P4DA NumPy Basics 2

Universal Functions: Fast Element-wise Array Functions

ufunc is a function that performs elementwise operations on data in ndarrays. Many ufuncs are simple elementswise transformations, like sqrt or exp:

arr = np.arange(10)

np.sqrt(arr)  
#Output: 
#array([ 0.        ,  1.        ,  1.41421356,  1.73205081,  2.        ,
#        2.23606798,  2.44948974,  2.64575131,  2.82842712,  3.        ])

np.exp(arr)  
#Output:
#array([  1.00000000e+00,   2.71828183e+00,   7.38905610e+00,
#         2.00855369e+01,   5.45981500e+01,   1.48413159e+02,
#         4.03428793e+02,   1.09663316e+03,   2.98095799e+03,
#         8.10308393e+03])

These are referred to unary ufuncs. Others, such as add or maxium, take 2 arrays and return a single array as the result:

x = randn(8)  
y = randn(8)

np.maximum(x, y)  
#Output:
#array([ 0.59209796,  0.47299782,  0.25238924, -0.1111911 ,  0.67203337,
#        0.31578221, -0.4526654 ,  0.45740994])

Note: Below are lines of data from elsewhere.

lemma val_hasse_mult_Q:
  assumes q: "eps_less_Q q" and b: "\<mu> (hasse b Q) = Fin (scaled.fin_val Q - nmul b epsQ)"
  shows "\<mu> (hasse b (q * Q)) = Fin (scaled.fin_val q + scaled.fin_val Q - nmul b epsQ)"
proof -
  define V where "V = scaled.fin_val q + scaled.fin_val Q - nmul b epsQ"
  have "{..b} = insert 0 {1..b}"
    by auto
  then have "hasse b (q * Q) = q * hasse b Q + (\<Sum>i\<in>{1..b}. hasse i q * hasse (b - i) Q)"
    by (simp add: hasse_mult)
  moreover have "\<mu> (q * hasse b Q) = Fin V"
    using q b by (simp add: V_def scaled.val_mult scaled.val_Fin eps_less_Q_def algebra_simps)
  moreover have "Fin V < \<mu> (\<Sum>i\<in>{1..b}. hasse i q * hasse (b - i) Q)"
  proof (rule scaled.val_sum_gt)
    fix i assume i: "i \<in> {1..b}"
    have split: "V = (scaled.fin_val q - nmul i epsQ) + (scaled.fin_val Q - nmul (b - i) epsQ)"
      using i nmul_left_distrib[of i "b - i" epsQ] by (simp add: V_def algebra_simps)
    have "Fin (scaled.fin_val q - nmul i epsQ) < \<mu> (hasse i q)"
      using q i by (simp add: eps_less_Q_def)
    then show "Fin V < \<mu> (hasse i q * hasse (b - i) Q)"
      unfolding split scaled.val_mult using val_hasse_Q_ge by (rule Fin_add_less_le)
  qed simp
  ultimately show ?thesis
    by (simp add: scaled.val_add_eq_left V_def)
qed

lemma min_val_less_val_mult_Q:
  assumes hqr: "h = q * Q + r" and h: "eps_less_Q h" and q: "eps_less_Q q"
    and r: "r = 0 \<or> eps_less_Q r"
  shows "min (\<nu> h) (\<nu> r) < \<nu> (q * Q)"
proof (rule ccontr)
  assume "\<not> ?thesis"
  then have le: "\<mu> (q * Q) \<le> \<mu> f" if "f \<in> {h, r}" for f
    using that by (auto simp: \<mu>_le_iff not_less)
  obtain b where b: "1 \<le> b" "\<mu> (hasse b Q) = Fin (scaled.fin_val Q - nmul b epsQ)"
    using ex_val_hasse_Q_eq by blast
  define V where "V = scaled.fin_val q + scaled.fin_val Q - nmul b epsQ"
  have "Fin V < \<mu> (hasse b f)" if "f \<in> {h, r}" for f
  proof (cases "f = 0")
    case False
    with that h r have "eps_less_Q f"
      by auto
    with b(1) have "Fin (scaled.fin_val f - nmul b epsQ) < \<mu> (hasse b f)"
      by (simp add: eps_less_Q_def)
    moreover have "scaled.fin_val q + scaled.fin_val Q \<le> scaled.fin_val f"
      using le[OF that] q False Q_nonzero
      by (simp add: scaled.val_mult scaled.val_Fin eps_less_Q_def)
    then have "Fin V \<le> Fin (scaled.fin_val f - nmul b epsQ)"
      by (simp add: V_def)
    ultimately show ?thesis
      by (simp only: le_less_trans)
  qed (use b(1) in \<open>simp add: hasse_eq_0\<close>)
  then have "Fin V < min (\<mu> (hasse b h)) (\<mu> (hasse b r))"
    by simp
  also have "\<dots> \<le> \<mu> (hasse b h - hasse b r)"
    by (rule scaled.val_diff_ge_min)
  also have "\<dots> = \<mu> (hasse b (q * Q))"
    by (simp add: hqr flip: hasse_diff)
  also have "\<dots> = Fin V"
    unfolding V_def using q b(2) by (rule val_hasse_mult_Q)
  finally show False
    by simp
qed

lemma val_mod_Q:
  assumes h: "eps_less_Q h" and deg: "degree (h div Q) < n"
  shows "\<nu> (h mod Q) = \<nu> h \<and> \<nu> h < \<nu> (h div Q * Q)"
proof -
  have "min (\<nu> h) (\<nu> (h mod Q)) < \<nu> (h div Q * Q)"
  proof (cases "h div Q = 0")
    case True
    with h show ?thesis
      by (simp add: eps_less_Q_def min_less_iff_disj)
  next
    case False
    have "h mod Q = 0 \<or> eps_less_Q (h mod Q)"
      using degree_mod_less[OF Q_nonzero, of h] eps_less_Q_if_degree_less by blast
    with h show ?thesis
      using eps_less_Q_if_degree_less[OF False deg] by (intro min_val_less_val_mult_Q) simp_all
  qed
  then show ?thesis
    using val_add_eq_of_min_less[of h "h div Q * Q" "h mod Q"] by simp
qed

lemma val_mod_Q_mult:
  assumes "a \<noteq> 0" "degree a < n" "b \<noteq> 0" "degree b < n"
  shows "\<nu> (a * b mod Q) = \<nu> (a * b) \<and> \<nu> (a * b) < \<nu> (a * b div Q * Q)"
  using assms by (intro val_mod_Q eps_less_Q_mult eps_less_Q_if_degree_less degree_mult_div_less)

lemma val_mod_Q_coeff_gt:
  assumes c: "dominant_qexp \<nu> Q c N h" and p: "p \<noteq> 0" "degree p < n"
    and "p * h \<noteq> 0" and "0 < j"
  shows "\<nu> (p * h) < \<nu> (p * c j mod Q * Q ^ j)"
proof (cases "c j = 0")
  case False
  with c \<open>0 < j\<close> have "\<nu> h < \<nu> (c j * Q ^ j)"
    by (simp add: dominant_qexp_def)
  with p(1) have "\<nu> (p * h) < \<nu> (p * (c j * Q ^ j))"
    by (simp add: val_mult_less_cancel_left)
  moreover have "\<nu> (p * c j mod Q) = \<nu> (p * c j)"
    using val_mod_Q_mult[OF p False dominant_qexp_degree[OF c]] by blast
  ultimately show ?thesis
    by (simp add: val_mult add.assoc)
next
  case True
  with \<open>p * h \<noteq> 0\<close> show ?thesis
    by simp
qed

lemma val_div_Q_coeff_gt:
  assumes c: "dominant_qexp \<nu> Q c N h" and p: "p \<noteq> 0" "degree p < n" and "p * h \<noteq> 0"
  shows "\<nu> (p * h) < \<nu> (p * c j div Q * Q ^ Suc j)"
proof (cases "c j = 0")
  case False
  have "\<nu> (p * h) \<le> \<nu> (p * (c j * Q ^ j))"
    using dominant_qexp_val_le[OF c] by (simp add: val_mult add_left_mono)
  also have "\<dots> = \<nu> (p * c j * Q ^ j)"
    by (simp only: mult.assoc)
  also have "\<dots> < \<nu> (p * c j div Q * Q * Q ^ j)"
    using val_mod_Q_mult[OF p False dominant_qexp_degree[OF c]] Q_nonzero
    by (simp add: val_mult_less_cancel_right)
  also have "\<dots> = \<nu> (p * c j div Q * Q ^ Suc j)"
    by (simp only: mult.assoc power_Suc)
  finally show ?thesis .
next
  case True
  with \<open>p * h \<noteq> 0\<close> show ?thesis
    by simp
qed

lemma dominant_qexp_mult:
  assumes c: "dominant_qexp \<nu> Q c N h" and p: "degree p < n"
  shows "\<exists>d. dominant_qexp \<nu> Q d (Suc N) (p * h)"
proof (cases "p * h = 0")
  case True
  show ?thesis
    unfolding True using dominant_qexp_zero[OF degree_Q_pos] by blast
next
  case False
  then have p0: "p \<noteq> 0" and h0: "h \<noteq> 0"
    by auto
  define d where "d k = p * c k mod Q + qshift 1 (\<lambda>k. p * c k div Q) k" for k
  have exp: "is_qexp Q d (Suc N) (p * h)"
    unfolding d_def using c p by (intro is_qexp_mult) (simp_all add: dominant_qexp_def)
  have c0: "c 0 \<noteq> 0"
  proof
    assume "c 0 = 0"
    with c have "\<nu> h = Pinf"
      by (simp add: dominant_qexp_def)
    with h0 show False
      by simp
  qed
  have "\<nu> (d 0) = \<nu> (p * c 0)"
    using val_mod_Q_mult[OF p0 p c0 dominant_qexp_degree[OF c]] by (simp add: d_def qshift_def)
  also have "\<dots> = \<nu> (p * h)"
    using c by (simp add: dominant_qexp_def val_mult)
  finally have "\<nu> (d 0) = \<nu> (p * h)" .
  moreover have "\<nu> (p * h) < \<nu> (d j * Q ^ j)" if "0 < j" for j
  proof -
    define i where "i = j - 1"
    with that have j: "j = Suc i"
      by simp
    have "\<nu> (p * h) < \<nu> (p * c j mod Q * Q ^ j)"
      by (rule val_mod_Q_coeff_gt[OF c p0 p False that])
    moreover have "\<nu> (p * h) < \<nu> (p * c i div Q * Q ^ j)"
      unfolding j by (rule val_div_Q_coeff_gt[OF c p0 p False])
    ultimately have "\<nu> (p * h) < min (\<nu> (p * c j mod Q * Q ^ j)) (\<nu> (p * c i div Q * Q ^ j))"
      by simp
    also have "\<dots> \<le> \<nu> ((p * c j mod Q + p * c i div Q) * Q ^ j)"
      unfolding distrib_right by (rule val_add_ge_min)
    also have "p * c j mod Q + p * c i div Q = d j"
      by (simp add: d_def qshift_def j)
    finally show ?thesis .
  qed
  ultimately show ?thesis
    using exp unfolding dominant_qexp_def by blast
qed

lemma dominant_qexp_prod_list:
  "\<forall>p\<in>set ps. degree p < n \<Longrightarrow> \<exists>c N. dominant_qexp \<nu> Q c N (prod_list ps)"
proof (induction ps)
  case Nil
  then show ?case
    using dominant_qexp_const[of 1 Q \<nu>] degree_Q_pos by auto
next
  case (Cons p ps)
  then obtain c N where "dominant_qexp \<nu> Q c N (prod_list ps)"
    by auto
  moreover have "degree p < n"
    using Cons.prems by simp
  ultimately obtain d where "dominant_qexp \<nu> Q d (Suc N) (p * prod_list ps)"
    using dominant_qexp_mult by blast
  then show ?case
    by (simp only: prod_list.Cons) blast
qed

end

theorem lemma3p3:
  fixes \<nu> :: "'a::field poly \<Rightarrow> 'g::linordered_ab_group_add extended"
    and Q f :: "'a poly" and fs :: "nat \<Rightarrow> 'a poly" and s :: nat
  assumes "krull_valuation \<nu>"
    and "key_poly \<nu> Q"
    and "degree Q > 0"
    and "f = (\<Sum>i\<le>s. fs i * Q ^ i)"
    and "\<forall>i\<le>s. fs i = 0 \<or>
           (\<exists>ps :: 'a poly list. (\<forall>p\<in>set ps. degree p < degree Q) \<and> fs i = prod_list ps)"
  shows "truncation \<nu> Q f = Min ((\<lambda>i. \<nu> (fs i * Q ^ i)) ` {..s})"
proof -
  interpret key_polynomial \<nu> Q
    using assms(1-3) by unfold_locales
  have dom: "\<exists>c N. dominant_qexp \<nu> Q c N (fs i)" if "i \<le> s" for i
  proof (cases "fs i = 0")
    case True
    then show ?thesis
      using dominant_qexp_zero[OF degree_Q_pos] by (intro exI[of _ "\<lambda>_. 0"] exI[of _ 0]) simp
  next
    case False
    with assms(5) that obtain ps where "\<forall>p\<in>set ps. degree p < n" "fs i = prod_list ps"
      by blast
    then show ?thesis
      using dominant_qexp_prod_list[of ps] by simp
  qed
  obtain c N where "\<forall>i\<le>s. dominant_qexp \<nu> Q (c i) N (fs i)"
    using ex_dominant_qexps_common_bound[where s = s and fs = fs, OF dom] by blast
  then show ?thesis
    unfolding assms(4) by (intro truncation_sum_dominant_qexp) auto
qed
end
lemma minor_repeated_column:
  "length ws = length cs \<Longrightarrow> entries_in R ws cs \<Longrightarrow> i < j \<Longrightarrow> j < length cs \<Longrightarrow> cs ! i = cs ! j \<Longrightarrow>
   minor R ws cs = \<zero>"
proof (induction ws arbitrary: cs i j)
  case Nil then show ?case by simp
next
  case (Cons w ws)
  let ?k = "length cs"
  let ?F = "\<lambda>p. signed R p (w (cs ! p) \<otimes> minor R ws (remove_nth p cs))"
  have entries_ws: "entries_in R ws cs" using Cons.prems(2) by (simp add: entries_in_Cons)
  have w_closed: "\<And>q. q < ?k \<Longrightarrow> w (cs ! q) \<in> carrier R" using Cons.prems(2) by (auto simp: entries_in_Cons)
  have len_ws: "length ws = ?k - 1" using Cons.prems(1) by simp
  have F_closed: "?F \<in> {..<?k} \<rightarrow> carrier R" using minor_term_closed[OF Cons.prems(2)] by auto
  have rest: "?F p = \<zero>" if p: "p < ?k" "p \<noteq> i" "p \<noteq> j" for p
  proof -
    have "minor R ws (remove_nth p cs) = \<zero>"
    proof -
      consider "p < i" | "i < p \<and> p < j" | "j < p" using p by linarith
      then show ?thesis
      proof cases
        case 1
        show ?thesis by (rule Cons.IH[of _ "i - 1" "j - 1"]) (use 1 Cons.prems p len_ws entries_ws in \<open>auto simp: nth_remove_nth intro: entries_in_remove_nth\<close>)
      next
        case 2
        show ?thesis by (rule Cons.IH[of _ i "j - 1"]) (use 2 Cons.prems p len_ws entries_ws in \<open>auto simp: nth_remove_nth intro: entries_in_remove_nth\<close>)
      next
        case 3
        show ?thesis by (rule Cons.IH[of _ i j]) (use 3 Cons.prems p len_ws entries_ws in \<open>auto simp: nth_remove_nth intro: entries_in_remove_nth\<close>)
      qed
    qed
    then show ?thesis using w_closed[OF p(1)] by simp
  qed
  have minor_i: "minor R ws (remove_nth i cs) = signed R (j - Suc i) (minor R ws (remove_nth j cs))"
  proof -
    have "remove_nth i cs = move_right i (j - Suc i) (remove_nth j cs)" by (rule remove_nth_eq_move_right) (use Cons.prems in auto)
    moreover have "minor R ws (move_right i (j - Suc i) (remove_nth j cs)) = signed R (j - Suc i) (minor R ws (remove_nth j cs))"
      by (rule minor_move_right) (use Cons.prems len_ws entries_ws in \<open>auto intro: entries_in_remove_nth\<close>)
    ultimately show ?thesis by simp
  qed
  let ?X = "w (cs ! j) \<otimes> minor R ws (remove_nth j cs)"
  have X_closed: "?X \<in> carrier R" using w_closed Cons.prems minor_closed[OF entries_in_remove_nth[OF entries_ws]] by auto
  have F_i: "?F i = signed R (j - 1) ?X"
  proof -
    have "?F i = signed R i (w (cs ! j) \<otimes> signed R (j - Suc i) (minor R ws (remove_nth j cs)))" using minor_i Cons.prems(5) by simp
    also have "\<dots> = signed R i (signed R (j - Suc i) ?X)"
      using w_closed Cons.prems minor_closed[OF entries_in_remove_nth[OF entries_ws]] by (simp add: signed_mult)
    also have "\<dots> = signed R (j - 1) ?X" using X_closed Cons.prems(3) by (simp add: signed_signed)
    finally show ?thesis .
  qed
  have F_j: "?F j = \<ominus> signed R (j - 1) ?X"
  proof -
    have "j = Suc (j - 1)" using Cons.prems(3) by simp
    then have "signed R j ?X = signed R (Suc (j - 1)) ?X" by simp
    then show ?thesis using X_closed by (simp add: signed_Suc)
  qed
  show ?case
    unfolding minor.simps
    by (rule finsum_cancel_pair[of "{..<?k}" i j]) (use F_closed rest F_i F_j X_closed Cons.prems in \<open>auto simp: minus_minus\<close>)
qed

lemma minor_cong: "length ws1 = length ws2 \<Longrightarrow> length cs1 = length cs2 \<Longrightarrow> entries_in R ws1 cs1 \<Longrightarrow> entries_in R ws2 cs2 \<Longrightarrow>
  (\<And>i q. i < length ws1 \<Longrightarrow> q < length cs1 \<Longrightarrow> (ws1 ! i) (cs1 ! q) = (ws2 ! i) (cs2 ! q)) \<Longrightarrow>
  minor R ws1 cs1 = minor R ws2 cs2"
proof (induction ws1 arbitrary: ws2 cs1 cs2)
  case Nil then show ?case by simp
next
  case (Cons w ws)
  obtain w2 ws2' where ws2: "ws2 = w2 # ws2'" using Cons.prems(1) by (cases ws2) auto
  have sub: "minor R ws (remove_nth p cs1) = minor R ws2' (remove_nth p cs2)" if p: "p < length cs1" for p
  proof (rule Cons.IH)
    show "length ws = length ws2'" using Cons.prems ws2 by simp
    show "length (remove_nth p cs1) = length (remove_nth p cs2)" using Cons.prems p by simp
    show "entries_in R ws (remove_nth p cs1)" "entries_in R ws2' (remove_nth p cs2)" using Cons.prems ws2 by (auto simp: entries_in_Cons intro: entries_in_remove_nth)
    fix i q assume "i < length ws" "q < length (remove_nth p cs1)"
    then show "(ws ! i) (remove_nth p cs1 ! q) = (ws2' ! i) (remove_nth p cs2 ! q)"
      using Cons.prems(5)[of "Suc i"] Cons.prems(2) p ws2 by (auto simp: nth_remove_nth)
  qed
  have "minor R (w # ws) cs1 = finsum R (\<lambda>p. signed R p (w2 (cs2 ! p) \<otimes> minor R ws2' (remove_nth p cs2))) {..<length cs2}"
  proof (simp, rule finsum_cong')
    show "{..<length cs1} = {..<length cs2}" using Cons.prems by simp
    show "(\<lambda>p. signed R p (w2 (cs2 ! p) \<otimes> minor R ws2' (remove_nth p cs2))) \<in> {..<length cs2} \<rightarrow> carrier R"
      using minor_term_closed[of w2 ws2' cs2] Cons.prems(4) ws2 by auto
    fix p assume "p \<in> {..<length cs2}"
    then show "signed R p (w (cs1 ! p) \<otimes> minor R ws (remove_nth p cs1)) = signed R p (w2 (cs2 ! p) \<otimes> minor R ws2' (remove_nth p cs2))"
      using sub Cons.prems(5)[of 0] Cons.prems(2) ws2 by simp
  qed
  then show ?case using ws2 by simp
qed

lemma entries_in_update:
  "entries_in R ws cs \<Longrightarrow> (\<And>w. w \<in> set ws \<Longrightarrow> g w \<in> carrier R) \<Longrightarrow>
   entries_in R (map (\<lambda>w. w(l := g w)) ws) cs"
  by (auto simp: entries_in_def)

lemma minor_update_notin:
  "l \<notin> set cs \<Longrightarrow> entries_in R ws cs \<Longrightarrow> minor R (map (\<lambda>w. w(l := g w)) ws) cs = minor R ws cs"
proof (rule minor_cong)
  assume l: "l \<notin> set cs" and entries: "entries_in R ws cs"
  show "entries_in R (map (\<lambda>w. w(l := g w)) ws) cs" using entries l by (auto simp: entries_in_def)
  fix i q assume "i < length (map (\<lambda>w. w(l := g w)) ws)" "q < length cs"
  then show "(map (\<lambda>w. w(l := g w)) ws ! i) (cs ! q) = (ws ! i) (cs ! q)" using l by auto
qed auto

While not common, a ufunc can return multiple arrays. modf is one example, a vectorized version of the build-in Python divmod: it returns the fractional and integral parts of a floating point array:

arr = randn(7)*5

np.modf(arr)  
#Output:
#(array([-0.71885654, -0.29785083, 0.93198306, -0.79554338, -0.36055619, 0.65198947, #-0.758033  ]), 
#         array([-0., -0.,  1., -5., -8.,  3., -2.]))

More about ufuncs.

Data Processing Using Arrays

As a simple example, suppose we wished to evaluate the function sqrt(x^2 + y ^2) across a regular grid of values. The np.meshgrid function takes two 1D arrays and produces two 2D matrices corresponding to all pairs of (x, y) in the two arrays:

points = np.arange(-5, 5, 0.01) # 1000 equally spaced points  
xs, ys = np.meshgrid(points, points)

#Output:
#array([[-5.  , -5.  , -5.  , ..., -5.  , -5.  , -5.  ],
#       [-4.99, -4.99, -4.99, ..., -4.99, -4.99, -4.99],
#       [-4.98, -4.98, -4.98, ..., -4.98, -4.98, -4.98],
#       ..., 
#       [ 4.97,  4.97,  4.97, ...,  4.97,  4.97,  4.97],
#       [ 4.98,  4.98,  4.98, ...,  4.98,  4.98,  4.98],
#       [ 4.99,  4.99,  4.99, ...,  4.99,  4.99,  4.99]])

Now evaluating the function is a simple matter of writing the same expression you would write with two points:

import matplotlib.pyplot as plt  
z = np.sqrt(xs ** 2 + ys ** 2)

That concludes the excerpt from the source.